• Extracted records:
● ● ● ● ● ● ●
(* Let $p\in\mathcal C^2(\mathbb R)$ with $0<a\le p(t)\le b$ for all $t$ and $\dot p,\ddot p$ bounded. Suppose there are $\tilde t_1<\tilde t_2$ such that $\dot p$ attains its maximum $\sup_{t\in\mathbb R}\dot p(t)$ at both $\tilde t_1$ and $\tilde t_2$, and $p(\tilde t_1)>p(\tilde t_2)$. Then the ping-pong map $(t_0,v_0)\mapsto(t_1,v_1)$ on $\mathbb R\times(v_*,\infty)$ is not injective: there exist two distinct points with the same image.
   Context: Ping-pong map for the forcing $p$: let $v_*=2\max\{\sup_t\dot p(t),0\}$. For $(t_0,v_0)\in\mathbb R\times(v_*,\infty)$, let $\tilde t$ be the unique solution of $(\tilde t-t_0)v_0=p(\tilde t)$, and set $v_1=v_0-2\dot p(\tilde t)$, $t_1=\tilde t+p(\tilde t)/v_1$. *)

theory Defs
  imports "HOL-Analysis.Analysis"
begin

definition vstar :: "(real \<Rightarrow> real) \<Rightarrow> real" where
  "vstar dp = 2 * max (Sup (range dp)) 0"

definition impact_time :: "(real \<Rightarrow> real) \<Rightarrow> real \<Rightarrow> real \<Rightarrow> real" where
  "impact_time p t0 v0 = (THE t. (t - t0) * v0 = p t)"

definition pingpong :: "(real \<Rightarrow> real) \<Rightarrow> (real \<Rightarrow> real) \<Rightarrow> real \<times> real \<Rightarrow> real \<times> real" where
  "pingpong p dp z =
     (let t0 = fst z; v0 = snd z;
          tt = impact_time p t0 v0;
          v1 = v0 - 2 * dp tt
      in (tt + p tt / v1, v1))"

end

theory Submission
  imports Defs
begin

text \<open>Take \<open>v\<^sub>0 = w + 2 sup p'\<close> with \<open>w = (p(s\<^sub>1) - p(s\<^sub>2)) / (s\<^sub>2 - s\<^sub>1) > 0\<close>, and launch the
  ball from the two points \<open>(s\<^sub>i - p(s\<^sub>i)/v\<^sub>0, v\<^sub>0)\<close>, timed to hit the wall at \<open>s\<^sub>i\<close>. Since \<open>v\<^sub>0\<close>
  exceeds every \<open>p'(t)\<close>, these impact times are the unique ones. Both returns have speed
  \<open>v\<^sub>0 - 2 sup p' = w\<close>, and \<open>w\<close> is chosen exactly so that \<open>s\<^sub>1 + p(s\<^sub>1)/w = s\<^sub>2 + p(s\<^sub>2)/w\<close>.
  Boundedness of \<open>p\<close> forces \<open>sup p' \<ge> 0\<close>.\<close>

lemma Sup_derivative_nonneg:
  fixes p dp :: "real \<Rightarrow> real"
  assumes dp: "\<And>t. (p has_real_derivative dp t) (at t)"
    and dp_bdd: "bdd_above (range dp)"
    and p_bdd: "bounded (range p)"
  shows "0 \<le> Sup (range dp)"
proof (rule ccontr)
  define M where "M = Sup (range dp)"
  assume "\<not> 0 \<le> Sup (range dp)"
  then have M_neg: "M < 0" by (simp add: M_def)
  obtain B where B: "\<And>t. \<bar>p t\<bar> \<le> B"
    using p_bdd by (auto simp: bounded_real)
  define T where "T = (2 * B + 1) / - M"
  have T_pos: "0 < T"
    unfolding T_def using M_neg B[of 0] by (simp add: divide_pos_neg)
  obtain z where z: "p T - p 0 = T * dp z"
    using MVT2[of 0 T p dp] T_pos dp by auto
  have "dp z \<le> M"
    unfolding M_def using dp_bdd by (auto intro: cSup_upper)
  then have "p T - p 0 \<le> T * M"
    using z T_pos by (simp add: mult_left_mono)
  also have "T * M = - (2 * B + 1)"
    unfolding T_def using M_neg by (simp add: field_simps)
  finally show False
    using B[of 0] B[of T] by linarith
qed

lemma impact_time_eqI:
  fixes p dp :: "real \<Rightarrow> real"
  assumes dp: "\<And>t. (p has_real_derivative dp t) (at t)"
    and slow: "\<And>t. dp t < v0"
    and hit: "(s - t0) * v0 = p s"
  shows "impact_time p t0 v0 = s"
  unfolding impact_time_def
proof (rule the_equality)
  define g where "g t = (t - t0) * v0 - p t" for t
  have g_deriv: "(g has_real_derivative v0 - dp t) (at t)" for t
    unfolding g_def by (auto intro!: derivative_eq_intros dp)
  have g_mono: "g x < g y" if "x < y" for x y
    using that by (rule DERIV_pos_imp_increasing) (use g_deriv slow in force)
  fix t
  assume "(t - t0) * v0 = p t"
  then have "g t = g s"
    using hit by (simp add: g_def)
  then show "t = s"
    using g_mono[of t s] g_mono[of s t] by (cases t s rule: linorder_cases) auto
qed (fact hit)

lemma pingpong_launch:
  fixes p dp :: "real \<Rightarrow> real"
  assumes dp: "\<And>t. (p has_real_derivative dp t) (at t)"
    and slow: "\<And>t. dp t < v0"
    and v0_pos: "0 < v0"
  shows "pingpong p dp (s - p s / v0, v0) = (s + p s / (v0 - 2 * dp s), v0 - 2 * dp s)"
proof -
  have "impact_time p (s - p s / v0) v0 = s"
    using v0_pos by (intro impact_time_eqI[OF dp slow]) simp
  then show ?thesis
    by (simp add: pingpong_def Let_def)
qed

theorem mainTheorem8:
  fixes p dp ddp :: "real \<Rightarrow> real" and a b s1 s2 :: real
  assumes dp: "\<And>t. (p has_real_derivative dp t) (at t)"
    and ddp: "\<And>t. (dp has_real_derivative ddp t) (at t)"
    and ddp_cont: "continuous_on UNIV ddp"
    and a_pos: "0 < a"
    and p_bounds: "\<And>t. a \<le> p t \<and> p t \<le> b"
    and dp_bdd: "bounded (range dp)"
    and ddp_bdd: "bounded (range ddp)"
    and s12: "s1 < s2"
    and max1: "dp s1 = Sup (range dp)"
    and max2: "dp s2 = Sup (range dp)"
    and p_gt: "p s1 > p s2"
  shows "\<exists>z1 z2. z1 \<in> UNIV \<times> {vstar dp<..} \<and> z2 \<in> UNIV \<times> {vstar dp<..} \<and>
           z1 \<noteq> z2 \<and> pingpong p dp z1 = pingpong p dp z2"
proof -
  define M where "M = Sup (range dp)"
  define w where "w = (p s1 - p s2) / (s2 - s1)"
  define v0 where "v0 = w + 2 * M"
  have p_bdd: "bounded (range p)"
    unfolding bounded_real using p_bounds a_pos by (metis abs_of_pos less_le_trans imageE)
  have M_nonneg: "0 \<le> M"
    unfolding M_def using dp_bdd p_bdd by (intro Sup_derivative_nonneg[OF dp]) (auto intro: bounded_imp_bdd_above)
  have w_pos: "0 < w" and v0_gt: "vstar dp < v0"
    using s12 p_gt M_nonneg by (auto simp: w_def v0_def vstar_def M_def)
  have "dp t \<le> M" for t
    unfolding M_def using dp_bdd by (auto intro: cSup_upper bounded_imp_bdd_above)
  then have slow: "dp t < v0" for t
    using w_pos M_nonneg by (smt (verit) v0_def)
  have launch: "pingpong p dp (s - p s / v0, v0) = (s + p s / w, w)" if "dp s = M" for s
    using pingpong_launch[OF dp slow, of s] that w_pos M_nonneg by (simp add: v0_def)
  have "s1 + p s1 / w = s2 + p s2 / w"
    using s12 p_gt by (simp add: w_def field_simps)
  moreover have "s1 - p s1 / v0 < s2 - p s2 / v0"
  proof -
    have "p s2 / v0 < p s1 / v0"
      using p_gt w_pos M_nonneg by (simp add: v0_def divide_strict_right_mono)
    then show ?thesis
      using s12 by linarith
  qed
  ultimately show ?thesis
    using v0_gt launch[of s1] launch[of s2] max1 max2
    by (intro exI[of _ "(s1 - p s1 / v0, v0)"] exI[of _ "(s2 - p s2 / v0, v0)"]) (simp add: M_def)
qed

end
● ● ● ● ● ● ●
• Exercise description:
Exactly the lines from the one with "s1 / w = s2" through the end of the entries, both included, should be written out, and no others.

• Response to the task:
  have "s1 + p s1 / w = s2 + p s2 / w"
    using s12 p_gt by (simp add: w_def field_simps)
  moreover have "s1 - p s1 / v0 < s2 - p s2 / v0"
  proof -
    have "p s2 / v0 < p s1 / v0"
      using p_gt w_pos M_nonneg by (simp add: v0_def divide_strict_right_mono)
    then show ?thesis
      using s12 by linarith
  qed
  ultimately show ?thesis
    using v0_gt launch[of s1] launch[of s2] max1 max2
    by (intro exI[of _ "(s1 - p s1 / v0, v0)"] exI[of _ "(s2 - p s2 / v0, v0)"]) (simp add: M_def)
qed

end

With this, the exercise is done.